Season 1 of "The Comeback."


HBO


In The Comeback, Valerie was surrounded all the time by the many people in her real life: her loving husband (Damian Young), Mark, a rich businessman; her fawning best friend/hairstylist, Mickey (Robert Michael Morris); Room and Bored's hot, vapid young cast (including Malin Akerman and Kellan Lutz in their first attention-getting roles); and the show's creators, Tom (Robert Bagnell) and Paulie G. (Lance Barber), the latter of whom inexplicably despised her. Then there were the reality production crew, who were mostly off-camera, but were constantly addressed by Valerie — especially the producer, Jane (Laura Silverman), who became Valerie's projection screen, object of harassment, manipulator, and sympathizer.



Model mouth in Season 1.


HBO


Emotionally, it proved to be an incredibly complicated show. There were long and uncomfortable silences. On one level, you were invited to laugh at Valerie — at her '80s hair (Kudrow wore a wig), her repeated verbal tics ("Jane! Jane!"), her selfishness (she couldn't remember the names of anyone of a lower station), and her near-constant abasements (she was treated at Room and Bored like a non-person in an absurd tracksuit). "Even though she was gorgeous, they would see her as an aunt and put her in a tracksuit," King said. "Because that's what would happen if you were with 20-year-old girls. It was all about knocking her down as much as possible."


But there was so much more to Valerie and The Comeback. As a character study, it showed her torn between what she had — a husband who adored her, a lovely house in Brentwood, and a ton of money — and what she yearned for from the fame machine: attention from strangers, good placement in Us Weekly, and work as an actress so she could get attention from strangers and good placement in Us Weekly. With every indignity the secretly smart Valerie endured, Kudrow would catch the camera's eye straight on, mortified to see it capture her suffering, until she mustered the wherewithal to cover up her pain a half-second later.


"We wanted her to be as complex as people are," Kudrow said. "What's funny about it is this person thinking they're really good at controlling everything. Just on every level. It's like, You can't even control your own face, and you want to control a reality show producer. Oh my god."
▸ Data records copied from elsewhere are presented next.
definition approximator :: "('a::order \<times> 'a \<Rightarrow> 'a \<times> 'a) \<Rightarrow> ('a \<Rightarrow> 'a) \<Rightarrow> bool" where
  "approximator A Op \<longleftrightarrow>
     (\<forall>p q. prec_le p q \<longrightarrow> prec_le (A p) (A q)) \<and>
     (\<forall>x. fst (A (x, x)) \<le> Op x \<and> Op x \<le> snd (A (x, x)))"

definition symmetric_approx :: "('a \<times> 'a \<Rightarrow> 'a \<times> 'a) \<Rightarrow> bool" where
  "symmetric_approx A \<longleftrightarrow> (\<forall>x y. fst (A (x, y)) = snd (A (y, x)))"

definition respects_op :: "('a \<Rightarrow> 'a) \<Rightarrow> ('a \<Rightarrow> 'b) \<Rightarrow> bool" where
  "respects_op Op f \<longleftrightarrow> (\<forall>x y. f x = f y \<longrightarrow> f (Op x) = f (Op y))"

definition induced_op :: "('a \<Rightarrow> 'a) \<Rightarrow> ('a \<Rightarrow> 'b) \<Rightarrow> ('b \<Rightarrow> 'b)" where
  "induced_op Op f = (THE P. P \<circ> f = f \<circ> Op)"

definition sq :: "('a \<Rightarrow> 'b) \<Rightarrow> 'a \<times> 'a \<Rightarrow> 'b \<times> 'b" where
  "sq f p = (f (fst p), f (snd p))"

definition respects_approx :: "('a \<times> 'a \<Rightarrow> 'a \<times> 'a) \<Rightarrow> ('a \<Rightarrow> 'b) \<Rightarrow> bool" where
  "respects_approx A f \<longleftrightarrow> (\<forall>p q. sq f p = sq f q \<longrightarrow> sq f (A p) = sq f (A q))"

definition induced_approx :: "('a \<times> 'a \<Rightarrow> 'a \<times> 'a) \<Rightarrow> ('a \<Rightarrow> 'b) \<Rightarrow> ('b \<times> 'b \<Rightarrow> 'b \<times> 'b)" where
  "induced_approx A f = (THE B. B \<circ> sq f = sq f \<circ> A)"
(* Let the prior joint distribution of the losses $(X,Y)$ be bivariate normal with means $\mu_X,\mu_Y$, standard deviations $\sigma_X,\sigma_Y>0$ and correlation $\rho\in(-1,1)$, let $\alpha\in(0,1)$, let $\rho_1\in(-1,1)$, and let $\tilde\rho$ denote the posterior correlation coefficient of $X$ and $Y$ (under the entropy-pooling posterior described in the context). (i) Under the equality view $\tilde\rho=\rho_1$, $$\mathrm{CoVaR}_\alpha^{Y|\tilde\rho=\rho_1}=\mu_Y+\sigma_Y\left(\frac{1-\rho^2}{1-\rho\rho_1}\right)^{1/2}\Phi^{-1}(\alpha).$$ (ii) Under the inequality view $\tilde\rho\le\rho_1$: if $\rho\le\rho_1$, then $\mathrm{CoVaR}_\alpha^{Y|\tilde\rho\le\rho_1}=\mathrm{VaR}_\alpha^Y$; if $\rho>\rho_1$, then $\mathrm{CoVaR}_\alpha^{Y|\tilde\rho\le\rho_1}=\mathrm{CoVaR}_\alpha^{Y|\tilde\rho=\rho_1}$. (iii) Under the inequality view $\tilde\rho\ge\rho_1$: if $\rho\ge\rho_1$, then $\mathrm{CoVaR}_\alpha^{Y|\tilde\rho\ge\rho_1}=\mathrm{VaR}_\alpha^Y$; if $\rho<\rho_1$, then $\mathrm{CoVaR}_\alpha^{Y|\tilde\rho\ge\rho_1}=\mathrm{CoVaR}_\alpha^{Y|\tilde\rho=\rho_1}$.
   Context: Entropy-pooling framework: given a "view" $V$ (a constraint on the posterior parameters), the posterior distribution of $(X,Y)$ is the bivariate normal distribution with means $\tilde\mu_X,\tilde\mu_Y$, standard deviations $\tilde\sigma_X,\tilde\sigma_Y>0$ and correlation $\tilde\rho\in(-1,1)$ that minimizes the relative entropy (Kullback–Leibler divergence) $\varepsilon(\tilde f,f)=\int \tilde f\,(\ln\tilde f-\ln f)$ of its density $\tilde f$ with respect to the prior density $f$, among all bivariate normal distributions satisfying $V$. The general CoVaR under view $V$ is $\mathrm{CoVaR}_\alpha^{Y|V}=\tilde\mu_Y+\tilde\sigma_Y\Phi^{-1}(\alpha)$, where $\Phi$ is the standard normal cdf. $\mathrm{VaR}_\alpha^Y=\mu_Y+\sigma_Y\Phi^{-1}(\alpha)$. *)

theory Defs
  imports "HOL-Probability.Probability"
begin

type_synonym binorm_params = "real \<times> real \<times> real \<times> real \<times> real"

definition mu_X :: "binorm_params \<Rightarrow> real" where "mu_X p = fst p"
definition mu_Y :: "binorm_params \<Rightarrow> real" where "mu_Y p = fst (snd p)"
definition sigma_X :: "binorm_params \<Rightarrow> real" where "sigma_X p = fst (snd (snd p))"
definition sigma_Y :: "binorm_params \<Rightarrow> real" where "sigma_Y p = fst (snd (snd (snd p)))"
definition corr :: "binorm_params \<Rightarrow> real" where "corr p = snd (snd (snd (snd p)))"

definition valid_params :: "binorm_params \<Rightarrow> bool" where
  "valid_params p \<longleftrightarrow> sigma_X p > 0 \<and> sigma_Y p > 0 \<and> -1 < corr p \<and> corr p < 1"

definition binorm_density :: "binorm_params \<Rightarrow> real \<times> real \<Rightarrow> real" where
  "binorm_density p = (\<lambda>(x, y).
     let mx = mu_X p; my = mu_Y p; sx = sigma_X p; sy = sigma_Y p; r = corr p;
         u = (x - mx) / sx; v = (y - my) / sy
     in exp (- (u\<^sup>2 - 2 * r * u * v + v\<^sup>2) / (2 * (1 - r\<^sup>2)))
        / (2 * pi * sx * sy * sqrt (1 - r\<^sup>2)))"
Yet she did have some victories too. In one breakthrough, while being filmed at the end of a trying Palm Springs weekend, a hungover Valerie told Jane she would pay out of her pocket for the music rights to "I Want You to Want Me" by Cheap Trick herself so she and Mark could listen to it in peace; in the same scene, after an irritating product-placement person said to them one too many times to mention the name of the SUV they're driving, she told him, "I swear to god, I will pull over and put you out onto the side of the road."


After that episode aired — the eighth of the season — King said they went to HBO and said, "Pick us up now for next season. It's turning, I can feel the tide turning." King, who as a former performer is good at re-enacting past events, summoned the intensity he said he felt then. "I started to feel people now got it. When they saw that Valerie was strong and the Terminator, and she wasn't a weak woman who was going to be destroyed by this, they started to get into her journey."


There had been, perhaps, a tragic misunderstanding: that a show created by the woman who played Phoebe on Friends and the man who had shepherded Sex and the City to its heights would be, as King put it, "Phoebe in Manolos." Or, alternatively, that Kudrow would be playing a fictional version of herself skewering Friends. "I know it's not me at all," she assured herself then.